Task requirements: Your response should be every line from the entries that includes the string "noteq".

Source data:
lemma sum_Qp_PiE_Un_mult:
  fixes f g :: "('i \<Rightarrow> bool) \<Rightarrow> real"
  assumes "finite I" "finite J" "I \<inter> J = {}"
    and "\<And>X X'. (\<forall>i\<in>I. X i = X' i) \<Longrightarrow> f X = f X'"
    and "\<And>X X'. (\<forall>j\<in>J. X j = X' j) \<Longrightarrow> g X = g X'"
  shows "(\<Sum>X\<in>PiE (I \<union> J) (\<lambda>_. UNIV). Qp q (I \<union> J) X * (f X * g X))
       = (\<Sum>a\<in>PiE I (\<lambda>_. UNIV). Qp q I a * f a) * (\<Sum>b\<in>PiE J (\<lambda>_. UNIV). Qp q J b * g b)"
  using sum_Qp_PiE_Un[of I J "\<lambda>a b. f a * g b" q] assms
  unfolding sum_product by (simp add: sum_distrib_left mult_ac)

lemma sum_Qp_PiE_reindex:
  fixes \<psi> :: "('p \<Rightarrow> bool) \<Rightarrow> real" and h :: "'p \<Rightarrow> 'i"
  assumes "inj_on h P"
    and dep: "\<And>u u'. (\<forall>k\<in>P. u k = u' k) \<Longrightarrow> \<psi> u = \<psi> u'"
  shows "(\<Sum>a\<in>PiE (h ` P) (\<lambda>_. UNIV). Qp q (h ` P) a * \<psi> (\<lambda>k. a (h k)))
       = (\<Sum>u\<in>PiE P (\<lambda>_. UNIV). Qp q P u * \<psi> u)"
proof (rule sum.reindex_bij_witness[of _ "\<lambda>u. restrict (\<lambda>x. u (inv_into P h x)) (h ` P)"
          "\<lambda>a. restrict (\<lambda>k. a (h k)) P"])
  fix a :: "'i \<Rightarrow> bool" assume a: "a \<in> PiE (h ` P) (\<lambda>_. UNIV)"
  show "restrict (\<lambda>x. restrict (\<lambda>k. a (h k)) P (inv_into P h x)) (h ` P) = a"
    using a assms(1) by (auto simp: PiE_def extensional_def restrict_def fun_eq_iff inv_into_into)
  have "Qp q (h ` P) a = Qp q P (restrict (\<lambda>k. a (h k)) P)"
    unfolding Qp_def using assms(1) by (subst prod.reindex) auto
  moreover have "\<psi> (\<lambda>k. a (h k)) = \<psi> (restrict (\<lambda>k. a (h k)) P)"
    by (rule dep) auto
  ultimately show "Qp q P (restrict (\<lambda>k. a (h k)) P) * \<psi> (restrict (\<lambda>k. a (h k)) P) =
         Qp q (h ` P) a * \<psi> (\<lambda>k. a (h k))" by simp
qed (use assms(1) in \<open>auto simp: PiE_def extensional_def restrict_def fun_eq_iff\<close>)
lemma exterior_rotation_inequality:
  fixes d u x y :: real
  assumes d0: "0 < d" and d1: "d < 1/2" and u: "9 * d \<le> u" "u \<le> (2 - d)^2"
    and x: "x = u/2 - (d + d^2/2)" and xy: "x^2 + y^2 = u" and y0: "0 < y"
  shows "u * (1 + d) \<le> 2 * (x * (1 - d) + y * (2 * sqrt d))"
proof -
  define b where "b = (2 - d)^2"
  define e where "e = d + d^2/2"
  define g where "g v = 4 * d * (v - (v/2 - e)^2) - (v * d + e * (1 - d))^2" for v
  have "d \<le> 1/3"
  proof (rule ccontr)
    assume "\<not> d \<le> 1/3"
    then have "(2 - d)^2 < (5/3)^2" using d1 by (intro power_strict_mono) auto
    then show False using u \<open>\<not> d \<le> 1/3\<close> by (simp add: power2_eq_square)
  qed
  then have dd: "d^2 \<le> d/3" using d0 by (simp add: power2_eq_square)
  have "g (9 * d) = d^2 * (36 - 4*d*(7/2 - d/2)^2 - (1 + 17/2*d - d^2/2)^2)"
    by (simp add: g_def e_def field_simps power2_eq_square)
  moreover have "0 \<le> 36 - 4*d*(7/2 - d/2)^2 - (1 + 17/2*d - d^2/2)^2"
  proof -
    have "(7/2 - d/2)^2 \<le> 49/4" using d0 \<open>d \<le> 1/3\<close> by (simp add: power2_eq_square field_simps)
    then have "4*d*(7/2 - d/2)^2 \<le> 49*d" using mult_left_mono[of _ _ "4*d"] d0 by fastforce
    moreover have "(1 + 17/2*d - d^2/2)^2 \<le> (1 + 17/2*d)^2" using d0 dd by (intro power_mono) auto
    moreover have "(1 + 17/2*d)^2 = 1 + 17*d + 289/4*d^2" by (simp add: power2_eq_square algebra_simps)
    ultimately show ?thesis using dd \<open>d \<le> 1/3\<close> d0 by linarith
  qed
  ultimately have g1: "0 \<le> g (9 * d)" by simp
  have "g b = d^2 * ((32 - 32*d) - (5 - 9/2*d + d^2/2)^2)"
    by (simp add: g_def e_def b_def field_simps power2_eq_square)
  moreover have "(5 - 9/2*d + d^2/2)^2 \<le> 32 - 32*d"
  proof -
    have "(5 - 9/2*d + d^2/2)^2 \<le> (5 - 4*d)^2" using d0 \<open>d \<le> 1/3\<close> dd by (intro power_mono) auto
    moreover have "(5 - 4*d)^2 = 25 - 40*d + 16*d^2" by (simp add: power2_eq_square algebra_simps)
    ultimately show ?thesis using dd \<open>d \<le> 1/3\<close> d0 by linarith
  qed
  ultimately have g2: "0 \<le> g b" by simp
  have "g v = - d * (1 + d) * v^2 + (4*d + 4*d*e - 2*d*e*(1 - d)) * v
               + (- 4*d*e^2 - e^2*(1 - d)^2)" for v
    by (simp add: g_def power2_eq_square algebra_simps)
  then have "0 \<le> g u"
    by (rule concave_quadratic_nonneg_between[where a = "9 * d" and b = b])
      (use g1 g2 u d0 in \<open>simp_all add: b_def\<close>)
  moreover have "y^2 = u - (u/2 - e)^2" using xy by (simp add: x e_def)
  then have "(2 * y * sqrt d)^2 = 4 * d * (u - (u/2 - e)^2)" using d0 by (simp add: power_mult_distrib)
  ultimately have "(u * d + e * (1 - d))^2 \<le> (2 * y * sqrt d)^2" by (simp add: g_def)
  then have "u * d + e * (1 - d) \<le> 2 * y * sqrt d"
    by (rule power2_le_imp_le) (use y0 d0 in simp)
  moreover have "2 * (x * (1 - d) + y * (2 * sqrt d)) - u * (1 + d)
                   = 2 * (2 * y * sqrt d) - 2 * (u * d + e * (1 - d))"
    by (simp add: x e_def field_simps power2_eq_square)
  ultimately show ?thesis by (smt (verit))
qed
lemma subset_set_prod_list:
  assumes "\<forall>A\<in>set As. \<one> \<in> A \<and> A \<subseteq> carrier G" "A \<in> set As"
  shows "A \<subseteq> set_prod_list G As"
  using assms
proof (induction As)
  case (Cons A' As)
  have one: "\<one> \<in> set_prod_list G As" using one_mem_set_prod_list Cons.prems(1) by auto
  have carrier: "set_prod_list G As \<subseteq> carrier G"
    using set_prod_list_subset[where S = "carrier G" and G = G] Cons.prems(1) by auto
  show ?case
  proof (cases "A = A'")
    case True
    then show ?thesis
      using subset_set_mult_left[of A' "set_prod_list G As"] one Cons.prems(1) by simp
  next
    case False
    then have "A \<subseteq> set_prod_list G As" using Cons by simp
    then show ?thesis
      using subset_set_mult_right[OF _ carrier, of A'] Cons.prems(1) by auto
  qed
qed simp

lemma mult_list_commute:
  assumes x: "x \<in> carrier G" and "\<forall>y\<in>set ys. y \<in> carrier G \<and> x \<otimes> y = y \<otimes> x"
  shows "x \<otimes> mult_list G ys = mult_list G ys \<otimes> x"
  using assms(2)
proof (induction ys)
  case (Cons y ys)
  then have y: "y \<in> carrier G" "x \<otimes> y = y \<otimes> x" and ys: "set ys \<subseteq> carrier G"
    and IH: "x \<otimes> mult_list G ys = mult_list G ys \<otimes> x" by auto
  have "x \<otimes> mult_list G (y # ys) = (x \<otimes> y) \<otimes> mult_list G ys"
    using x y(1) mult_list_closed[OF ys] by (simp add: m_assoc)
  also have "\<dots> = y \<otimes> (x \<otimes> mult_list G ys)"
    using x y mult_list_closed[OF ys] by (simp add: m_assoc)
  also have "\<dots> = mult_list G (y # ys) \<otimes> x"
    using x y(1) mult_list_closed[OF ys] IH by (simp add: m_assoc)
  finally show ?case .
qed (use x in simp)

lemma mult_list_map_mult:
  assumes "distinct l" "\<And>k. k \<in> set l \<Longrightarrow> a k \<in> carrier G" "\<And>k. k \<in> set l \<Longrightarrow> b k \<in> carrier G"
    "\<And>j k. j \<in> set l \<Longrightarrow> k \<in> set l \<Longrightarrow> j \<noteq> k \<Longrightarrow> b j \<otimes> a k = a k \<otimes> b j"
  shows "mult_list G (map (\<lambda>k. a k \<otimes> b k) l) = mult_list G (map a l) \<otimes> mult_list G (map b l)"
  using assms
proof (induction l)
  case (Cons k l)
  have ca: "set (map a l) \<subseteq> carrier G" and cb: "set (map b l) \<subseteq> carrier G"
    and ak: "a k \<in> carrier G" "b k \<in> carrier G" using Cons.prems by auto
  have "\<forall>y\<in>set (map a l). y \<in> carrier G \<and> b k \<otimes> y = y \<otimes> b k"
    using Cons.prems by auto
  then have comm: "b k \<otimes> mult_list G (map a l) = mult_list G (map a l) \<otimes> b k"
    using mult_list_commute[OF ak(2)] by blast
  have "mult_list G (map (\<lambda>k. a k \<otimes> b k) (k # l))
      = a k \<otimes> (b k \<otimes> mult_list G (map a l)) \<otimes> mult_list G (map b l)"
    using Cons ak mult_list_closed[OF ca] mult_list_closed[OF cb] by (simp add: m_assoc)
  also have "\<dots> = mult_list G (map a (k # l)) \<otimes> mult_list G (map b (k # l))"
    unfolding comm using ak mult_list_closed[OF ca] mult_list_closed[OF cb] by (simp add: m_assoc)
  finally show ?case .
qed simp
text \<open>Fix \<open>r < u\<close> and let \<open>F\<close> be \<open>pf_filtration P B r u\<close>. For \<open>r < v < u\<close> the pair of
  increments \<open>B v - B r\<close>, \<open>B u - B v\<close> is independent of the increments of \<open>B\<close> outside
  \<open>[r, u]\<close>, and for independent centred Gaussians \<open>X\<close>, \<open>R\<close> of variances \<open>a\<close>, \<open>b\<close> one has
  \<open>E[X | X + R] = a / (a + b) (X + R)\<close>. Checking this on an \<open>\<inter>\<close>-stable generator of \<open>F\<close> and
  extending by Dynkin's argument gives the Brownian bridge formula
  \<open>E[B v - B r | F] = (v - r) / (u - r) (B u - B r)\<close>.
  By linearity, conditioning a stochastic integral of a step function keeps its part outside \<open>[r, u)\<close>
  and replaces the part inside by its mean slope times \<open>B u - B r\<close>. The Ito isometry and the
  \<open>L\<^sup>1\<close>-contractivity of conditional expectation carry this over to Wiener integrals, and applied to
  the three terms of \<open>M s t\<close> the deterministic corrections telescope to those of \<open>M r u\<close>.\<close>

section \<open>Conditioning a Gaussian on a sum\<close>

lemma normal_density_mult_normal_density:
  fixes a b x z :: real
  assumes a: "0 < a" and b: "0 < b"
  shows "normal_density 0 (sqrt b) (z - x) * normal_density 0 (sqrt a) x =
         normal_density 0 (sqrt (a + b)) z * normal_density (z * a / (a + b)) (sqrt (a * b / (a + b))) x"
proof -
  have ab: "0 < a + b" using a b by simp
  have norm: "1 / sqrt (2 * pi * b) * (1 / sqrt (2 * pi * a)) =
              1 / sqrt (2 * pi * (a + b)) * (1 / sqrt (2 * pi * (a * b / (a + b))))"
  proof -
    have "sqrt (2 * pi * b) * sqrt (2 * pi * a) = sqrt (2 * pi * (a + b)) * sqrt (2 * pi * (a * b / (a + b)))"
      unfolding real_sqrt_mult[symmetric] using ab by (intro arg_cong[where f=sqrt]) (simp add: field_simps)
    then show ?thesis by (simp add: field_simps)
  qed
  have "(x - z * a / (a + b))\<^sup>2 / (2 * (a * b / (a + b))) = (x * (a + b) - z * a)\<^sup>2 / (2 * a * b * (a + b))"
  proof -
    have "x - z * a / (a + b) = (x * (a + b) - z * a) / (a + b)" using ab by (simp add: field_simps)
    then show ?thesis using a b ab by (simp add: power_divide power2_eq_square)
  qed
  moreover have "- (z - x)\<^sup>2 / (2 * b) + - x\<^sup>2 / (2 * a) + z\<^sup>2 / (2 * (a + b))
      + (x * (a + b) - z * a)\<^sup>2 / (2 * a * b * (a + b)) = 0"
    using a b ab by (simp add: divide_simps) (simp add: power2_eq_square algebra_simps)
  ultimately have expo: "- (z - x)\<^sup>2 / (2 * b) + - x\<^sup>2 / (2 * a) =
      - z\<^sup>2 / (2 * (a + b)) + - (x - z * a / (a + b))\<^sup>2 / (2 * (a * b / (a + b)))"
    by linarith
  have "normal_density 0 (sqrt b) (z - x) * normal_density 0 (sqrt a) x =
        (1 / sqrt (2 * pi * b) * (1 / sqrt (2 * pi * a))) * (exp (- (z - x)\<^sup>2 / (2 * b)) * exp (- x\<^sup>2 / (2 * a)))"
    using a b by (simp add: normal_density_def)
  also have "\<dots> = (1 / sqrt (2 * pi * b) * (1 / sqrt (2 * pi * a))) * exp (- (z - x)\<^sup>2 / (2 * b) + - x\<^sup>2 / (2 * a))"
    by (simp only: exp_add)
  also have "\<dots> = (1 / sqrt (2 * pi * (a + b)) * (1 / sqrt (2 * pi * (a * b / (a + b))))) *
      exp (- z\<^sup>2 / (2 * (a + b)) + - (x - z * a / (a + b))\<^sup>2 / (2 * (a * b / (a + b))))"
    by (simp only: norm expo)
  also have "\<dots> = (1 / sqrt (2 * pi * (a + b)) * (1 / sqrt (2 * pi * (a * b / (a + b))))) *
      (exp (- z\<^sup>2 / (2 * (a + b))) * exp (- (x - z * a / (a + b))\<^sup>2 / (2 * (a * b / (a + b)))))"
    by (simp only: exp_add)
  also have "\<dots> = normal_density 0 (sqrt (a + b)) z * normal_density (z * a / (a + b)) (sqrt (a * b / (a + b))) x"
    using a b ab by (simp add: normal_density_def)
  finally show ?thesis .
qed
lemma on_two_lines_if_distinct_joins:
  assumes q: "q = (n + 1)\<^sup>2" and "q - n < card A" and "q - n < card B"
    and "A \<subseteq> P" and "B \<subseteq> P" and "A \<inter> B = {}" and "distinct_joins A B"
  shows "\<exists>l\<in>L. \<exists>m\<in>L. l \<noteq> m \<and> A \<subseteq> points_on l - points_on m \<and> B \<subseteq> points_on m - points_on l"
proof -
  have "B \<inter> A = {}" and "distinct_joins B A"
    using assms(4-7) distinct_joins_swap by auto
  have "2 \<le> card A" and "2 \<le> card B"
    using assms(1-3) by (simp_all add: power2_eq_square)
  obtain m where m: "m \<in> L" "B \<subseteq> points_on m"
    using collinear_if_distinct_joins[OF assms(1,4-7,2,3)] by blast
  obtain l where l: "l \<in> L" "A \<subseteq> points_on l"
    using collinear_if_distinct_joins[OF q assms(5,4) \<open>B \<inter> A = {}\<close> \<open>distinct_joins B A\<close> assms(3,2)]
    by blast
  have "A \<inter> points_on m = {}"
    using disjoint_from_line_if_distinct_joins[OF assms(7,4,6) m \<open>2 \<le> card B\<close>] .
  then have A_on_off: "A \<subseteq> points_on l - points_on m"
    using l(2) by blast
  have "B \<inter> points_on l = {}"
    using disjoint_from_line_if_distinct_joins[OF \<open>distinct_joins B A\<close> assms(5) \<open>B \<inter> A = {}\<close> l
        \<open>2 \<le> card A\<close>] .
  then have B_on_off: "B \<subseteq> points_on m - points_on l"
    using m(2) by blast
  have "l \<noteq> m"
    using A_on_off \<open>2 \<le> card A\<close> by (metis Diff_cancel card.empty not_numeral_le_zero subset_empty)
  then show ?thesis
    using l(1) m(1) A_on_off B_on_off by blast
qed

lemma distinct_join_pairs_eq_two_line_pairs:
  assumes q: "q = (n + 1)\<^sup>2" and "q - n < s" and "q - n < t"
  shows "distinct_join_pairs s t = two_line_pairs s t"
proof (intro set_eqI iffI; clarify)
  fix A B
  assume "(A, B) \<in> distinct_join_pairs s t"
  then show "(A, B) \<in> two_line_pairs s t"
    using on_two_lines_if_distinct_joins[OF q, of A B] assms
    unfolding distinct_join_pairs_def two_line_pairs_def by auto
next
  fix A B
  assume "(A, B) \<in> two_line_pairs s t"
  then obtain l m where "l \<in> L" "m \<in> L"
    and on_off: "A \<subseteq> points_on l - points_on m" "B \<subseteq> points_on m - points_on l"
    and "card A = s" "card B = t"
    unfolding two_line_pairs_def by auto
  moreover have "distinct_joins A B"
    using distinct_joins_if_on_two_lines calculation by blast
  moreover have "A \<subseteq> P" "B \<subseteq> P" "A \<inter> B = {}"
    using on_off unfolding points_on_def by auto
  ultimately show "(A, B) \<in> distinct_join_pairs s t"
    unfolding distinct_join_pairs_def by simp
qed

lemma two_line_pairsD:
  assumes "(A, B) \<in> two_line_pairs s t"
  shows "A \<inter> B = {}" and "card A = s" and "card B = t"
  using assms unfolding two_line_pairs_def by auto

lemma finite_two_line_pairs: "finite (two_line_pairs s t)"
proof (rule finite_subset)
  show "two_line_pairs s t \<subseteq> Pow P \<times> Pow P"
    unfolding two_line_pairs_def points_on_def by auto
  show "finite (Pow P \<times> Pow P)"
    using finite_points by simp
qed

lemma two_line_pairs_swap:
  "(A, B) \<in> two_line_pairs s t \<Longrightarrow> (B, A) \<in> two_line_pairs t s"
  unfolding two_line_pairs_def by (simp, metis)

definition subsets_on_off :: "nat \<Rightarrow> 'l \<Rightarrow> 'l \<Rightarrow> 'p set set" where
  "subsets_on_off k l m = {A. A \<subseteq> points_on l - points_on m \<and> card A = k}"

lemma finite_subsets_on_off: "finite (subsets_on_off k l m)"
  unfolding subsets_on_off_def using finite_points_on by simp

lemma card_subsets_on_off:
  assumes "l \<in> L" and "m \<in> L" and "l \<noteq> m"
  shows "card (subsets_on_off k l m) = q choose k"
  using n_subsets[of "points_on l - points_on m" k] finite_points_on card_points_on_diff[OF assms]
  unfolding subsets_on_off_def by simp

lemma two_line_pairs_eq_UN:
  "two_line_pairs s t = (\<Union>(l, m)\<in>(SIGMA l:L. L - {l}). subsets_on_off s l m \<times> subsets_on_off t m l)"
proof (intro equalityI subsetI)
  fix x
  assume "x \<in> two_line_pairs s t"
  then obtain l m A B where "x = (A, B)" "l \<in> L" "m \<in> L" "l \<noteq> m"
    "A \<in> subsets_on_off s l m" "B \<in> subsets_on_off t m l"
    unfolding two_line_pairs_def subsets_on_off_def by blast
  then show "x \<in> (\<Union>(l, m)\<in>(SIGMA l:L. L - {l}). subsets_on_off s l m \<times> subsets_on_off t m l)"
    by (intro UN_I[of "(l, m)"]) auto
next
  fix x
  assume "x \<in> (\<Union>(l, m)\<in>(SIGMA l:L. L - {l}). subsets_on_off s l m \<times> subsets_on_off t m l)"
  then obtain l m A B where "x = (A, B)" "l \<in> L" "m \<in> L" "l \<noteq> m"
    "A \<subseteq> points_on l - points_on m" "card A = s" "B \<subseteq> points_on m - points_on l" "card B = t"
    unfolding subsets_on_off_def by auto
  then show "x \<in> two_line_pairs s t"
    unfolding two_line_pairs_def by (simp, metis)
qed

lemma card_two_line_pairs:
  assumes "2 \<le> s" and "2 \<le> t"
  shows "card (two_line_pairs s t) = card L * (card L - 1) * (q choose s) * (q choose t)"
proof -
  let ?Off = "SIGMA l:L. L - {l}"
  have disjoint: "(subsets_on_off s l m \<times> subsets_on_off t m l) \<inter>
      (subsets_on_off s l' m' \<times> subsets_on_off t m' l') = {}"
    if lm: "(l, m) \<in> ?Off" "(l', m') \<in> ?Off" "(l, m) \<noteq> (l', m')" for l m l' m'
  proof (rule ccontr)
    assume "(subsets_on_off s l m \<times> subsets_on_off t m l) \<inter>
      (subsets_on_off s l' m' \<times> subsets_on_off t m' l') \<noteq> {}"
    then obtain A B where "A \<subseteq> points_on l - points_on m" "A \<subseteq> points_on l' - points_on m'"
      and "B \<subseteq> points_on m - points_on l" "B \<subseteq> points_on m' - points_on l'"
      and "card A = s" "card B = t"
      unfolding subsets_on_off_def by auto
    then have "l = l'" and "m = m'"
      using lines_eq_if_common_subset[of A l l'] lines_eq_if_common_subset[of B m m'] lm(1,2) assms
      by auto
    then show False
      using lm(3) by simp
  qed
  have "card (two_line_pairs s t) = (\<Sum>(l, m)\<in>?Off. card (subsets_on_off s l m \<times> subsets_on_off t m l))"
    unfolding two_line_pairs_eq_UN using finite_lines finite_subsets_on_off disjoint
    by (subst card_UN_disjoint) (auto simp: split_def)
  also have "\<dots> = (\<Sum>(l, m)\<in>?Off. (q choose s) * (q choose t))"
  proof (rule sum.cong)
    fix x
    assume "x \<in> ?Off"
    then obtain l m where "x = (l, m)" and "l \<in> L" "m \<in> L" "l \<noteq> m"
      by auto
    then show "(case x of (l, m) \<Rightarrow> card (subsets_on_off s l m \<times> subsets_on_off t m l)) =
        (case x of (l, m) \<Rightarrow> (q choose s) * (q choose t))"
      using card_subsets_on_off[of l m s] card_subsets_on_off[of m l t] by (simp add: card_cartesian_product)
  qed simp
  also have "\<dots> = card L * (card L - 1) * (q choose s) * (q choose t)"
    using finite_lines by simp
  finally show ?thesis .
qed

lemma edge_line_doubleton: "edge_line L inc \<phi> {u, v} = line_through (\<phi> u) (\<phi> v)"
  unfolding edge_line_def line_through_def by simp

lemma inj_on_edge_line_K_iff:
  assumes "inj_on \<phi> (K_V s t)"
  shows "inj_on (edge_line L inc \<phi>) (K_E s t) \<longleftrightarrow> distinct_joins (\<phi> ` Inl ` {..<s}) (\<phi> ` Inr ` {..<t})"
proof -
  let ?I = "{..<s} \<times> {..<t}"
  let ?edge = "\<lambda>(i, j). {Inl i, Inr j} :: (nat + nat) set"
  let ?ends = "\<lambda>(i, j). (\<phi> (Inl i), \<phi> (Inr j))"
  have "K_E s t = ?edge ` ?I"
    unfolding K_E_def by auto
  moreover have "inj_on ?edge ?I"
    by (auto intro!: inj_onI simp: doubleton_eq_iff)
  moreover have "\<phi> ` Inl ` {..<s} \<times> \<phi> ` Inr ` {..<t} = ?ends ` ?I"
    by auto
  moreover have "inj_on ?ends ?I"
    using assms unfolding K_V_def by (auto intro!: inj_onI dest: inj_onD)
  moreover have "edge_line L inc \<phi> \<circ> ?edge = (\<lambda>(a, b). line_through a b) \<circ> ?ends"
    by (auto simp: edge_line_doubleton)
  ultimately show ?thesis
    unfolding distinct_joins_def by (simp add: comp_inj_on_iff)
qed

The completed task:
    "\<And>j k. j \<in> set l \<Longrightarrow> k \<in> set l \<Longrightarrow> j \<noteq> k \<Longrightarrow> b j \<otimes> a k = a k \<otimes> b j"
  shows "\<exists>l\<in>L. \<exists>m\<in>L. l \<noteq> m \<and> A \<subseteq> points_on l - points_on m \<and> B \<subseteq> points_on m - points_on l"
  have "l \<noteq> m"
  assumes "l \<in> L" and "m \<in> L" and "l \<noteq> m"
  then obtain l m A B where "x = (A, B)" "l \<in> L" "m \<in> L" "l \<noteq> m"
  then obtain l m A B where "x = (A, B)" "l \<in> L" "m \<in> L" "l \<noteq> m"
    if lm: "(l, m) \<in> ?Off" "(l', m') \<in> ?Off" "(l, m) \<noteq> (l', m')" for l m l' m'
      (subsets_on_off s l' m' \<times> subsets_on_off t m' l') \<noteq> {}"
    then obtain l m where "x = (l, m)" and "l \<in> L" "m \<in> L" "l \<noteq> m"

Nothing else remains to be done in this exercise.